• Exercise objective: Give back all of the data exactly.
-- Information given follows --
lemma unchart_chart:
  assumes a: "a \<in> Wset U E"
  shows "unchart E (chart E a) = a"
proof
  fix z
  show "unchart E (chart E a) z = a z"
  proof (cases "z \<in> E")
    case True
    obtain u v where z: "z = (u, v)" by fastforce
    have a_uv: "edge_weight a {u, v} = a (u, v)" by (rule edge_weight_doubleton[where a = a, OF Wset_sym[OF a]])
    show ?thesis
    proof (cases "{u, v} = removed_edge E")
      case True
      have "(\<Sum>e\<in>coord_edges E. real (card e) * chart E a e) = (\<Sum>e\<in>coord_edges E. real (card e) * edge_weight a e)"
        by (auto simp: chart_def intro!: sum.cong)
      moreover have "real (card (removed_edge E)) * edge_weight a (removed_edge E)
          + (\<Sum>e\<in>coord_edges E. real (card e) * edge_weight a e) = 1"
        using sum_uedges_edge_weight[OF a] unfolding sum_uedges_split .
      ultimately show ?thesis using True \<open>z \<in> E\<close> z a_uv card_uedge_pos[OF removed_edge_in_uedges]
        by (simp add: unchart_def field_simps)
    next
      case False
      then have "{u, v} \<in> coord_edges E" using \<open>z \<in> E\<close> z by (auto simp: coord_edges_def uedges_def)
      with False \<open>z \<in> E\<close> z a_uv show ?thesis by (simp add: unchart_def chart_def)
    qed
  qed (simp add: unchart_def Wset_eq_0[OF a])
qed

lemma chart_Wset: "chart E ` Wset U E = coord_simplex E"
proof
  show "chart E ` Wset U E \<subseteq> coord_simplex E"
  proof
    fix x assume "x \<in> chart E ` Wset U E"
    then obtain a where a: "a \<in> Wset U E" and x: "x = chart E a" by auto
    have pos: "edge_weight a e > 0" if "e \<in> uedges E" for e
      using that edge_weight_doubleton[where a = a, OF Wset_sym[OF a]] Wset_pos_iff[OF a]
      unfolding uedges_def by auto
    have "real (card (removed_edge E)) * edge_weight a (removed_edge E)
        + (\<Sum>e\<in>coord_edges E. real (card e) * edge_weight a e) = 1"
      using sum_uedges_edge_weight[OF a] unfolding sum_uedges_split .
    moreover have "real (card (removed_edge E)) * edge_weight a (removed_edge E) > 0"
      using pos[OF removed_edge_in_uedges] card_uedge_pos[OF removed_edge_in_uedges] by simp
    moreover have "(\<Sum>e\<in>coord_edges E. real (card e) * x e) = (\<Sum>e\<in>coord_edges E. real (card e) * edge_weight a e)"
      using x by (auto simp: chart_def intro!: sum.cong)
    ultimately show "x \<in> coord_simplex E" using x pos
      by (auto simp: coord_simplex_def chart_def coord_edges_def)
  qed
  show "coord_simplex E \<subseteq> chart E ` Wset U E"
    using chart_unchart unchart_in_Wset by (metis image_eqI subsetI)
qed

lemma polyfun_unchart: "(\<lambda>x. unchart E x z) \<in> polyfun (coord_edges E)"
proof (cases "z \<in> E")
  case True
  show ?thesis
  proof (cases "{fst z, snd z} = removed_edge E")
    case removed: True
    have "(\<lambda>x. (1 - (\<Sum>e\<in>coord_edges E. real (card e) * x e)) / real (card (removed_edge E)))
        \<in> polyfun (coord_edges E)"
      by (intro polyfun_divide_const polyfun_diff polyfun_const polyfun_sum finite_coord_edges
          polyfun_mult polyfun_coord)
    with True removed show ?thesis by (simp add: unchart_def)
  next
    case False
    with True have "{fst z, snd z} \<in> coord_edges E" by (force simp: coord_edges_def uedges_def)
    with True False show ?thesis by (simp add: unchart_def polyfun_coord)
  qed
qed (simp add: unchart_def polyfun_const)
-- Information given concluded --
• Response to this exercise:
lemma unchart_chart:
  assumes a: "a \<in> Wset U E"
  shows "unchart E (chart E a) = a"
proof
  fix z
  show "unchart E (chart E a) z = a z"
  proof (cases "z \<in> E")
    case True
    obtain u v where z: "z = (u, v)" by fastforce
    have a_uv: "edge_weight a {u, v} = a (u, v)" by (rule edge_weight_doubleton[where a = a, OF Wset_sym[OF a]])
    show ?thesis
    proof (cases "{u, v} = removed_edge E")
      case True
      have "(\<Sum>e\<in>coord_edges E. real (card e) * chart E a e) = (\<Sum>e\<in>coord_edges E. real (card e) * edge_weight a e)"
        by (auto simp: chart_def intro!: sum.cong)
      moreover have "real (card (removed_edge E)) * edge_weight a (removed_edge E)
          + (\<Sum>e\<in>coord_edges E. real (card e) * edge_weight a e) = 1"
        using sum_uedges_edge_weight[OF a] unfolding sum_uedges_split .
      ultimately show ?thesis using True \<open>z \<in> E\<close> z a_uv card_uedge_pos[OF removed_edge_in_uedges]
        by (simp add: unchart_def field_simps)
    next
      case False
      then have "{u, v} \<in> coord_edges E" using \<open>z \<in> E\<close> z by (auto simp: coord_edges_def uedges_def)
      with False \<open>z \<in> E\<close> z a_uv show ?thesis by (simp add: unchart_def chart_def)
    qed
  qed (simp add: unchart_def Wset_eq_0[OF a])
qed

lemma chart_Wset: "chart E ` Wset U E = coord_simplex E"
proof
  show "chart E ` Wset U E \<subseteq> coord_simplex E"
  proof
    fix x assume "x \<in> chart E ` Wset U E"
    then obtain a where a: "a \<in> Wset U E" and x: "x = chart E a" by auto
    have pos: "edge_weight a e > 0" if "e \<in> uedges E" for e
      using that edge_weight_doubleton[where a = a, OF Wset_sym[OF a]] Wset_pos_iff[OF a]
      unfolding uedges_def by auto
    have "real (card (removed_edge E)) * edge_weight a (removed_edge E)
        + (\<Sum>e\<in>coord_edges E. real (card e) * edge_weight a e) = 1"
      using sum_uedges_edge_weight[OF a] unfolding sum_uedges_split .
    moreover have "real (card (removed_edge E)) * edge_weight a (removed_edge E) > 0"
      using pos[OF removed_edge_in_uedges] card_uedge_pos[OF removed_edge_in_uedges] by simp
    moreover have "(\<Sum>e\<in>coord_edges E. real (card e) * x e) = (\<Sum>e\<in>coord_edges E. real (card e) * edge_weight a e)"
      using x by (auto simp: chart_def intro!: sum.cong)
    ultimately show "x \<in> coord_simplex E" using x pos
      by (auto simp: coord_simplex_def chart_def coord_edges_def)
  qed
  show "coord_simplex E \<subseteq> chart E ` Wset U E"
    using chart_unchart unchart_in_Wset by (metis image_eqI subsetI)
qed

lemma polyfun_unchart: "(\<lambda>x. unchart E x z) \<in> polyfun (coord_edges E)"
proof (cases "z \<in> E")
  case True
  show ?thesis
  proof (cases "{fst z, snd z} = removed_edge E")
    case removed: True
    have "(\<lambda>x. (1 - (\<Sum>e\<in>coord_edges E. real (card e) * x e)) / real (card (removed_edge E)))
        \<in> polyfun (coord_edges E)"
      by (intro polyfun_divide_const polyfun_diff polyfun_const polyfun_sum finite_coord_edges
          polyfun_mult polyfun_coord)
    with True removed show ?thesis by (simp add: unchart_def)
  next
    case False
    with True have "{fst z, snd z} \<in> coord_edges E" by (force simp: coord_edges_def uedges_def)
    with True False show ?thesis by (simp add: unchart_def polyfun_coord)
  qed
qed (simp add: unchart_def polyfun_const)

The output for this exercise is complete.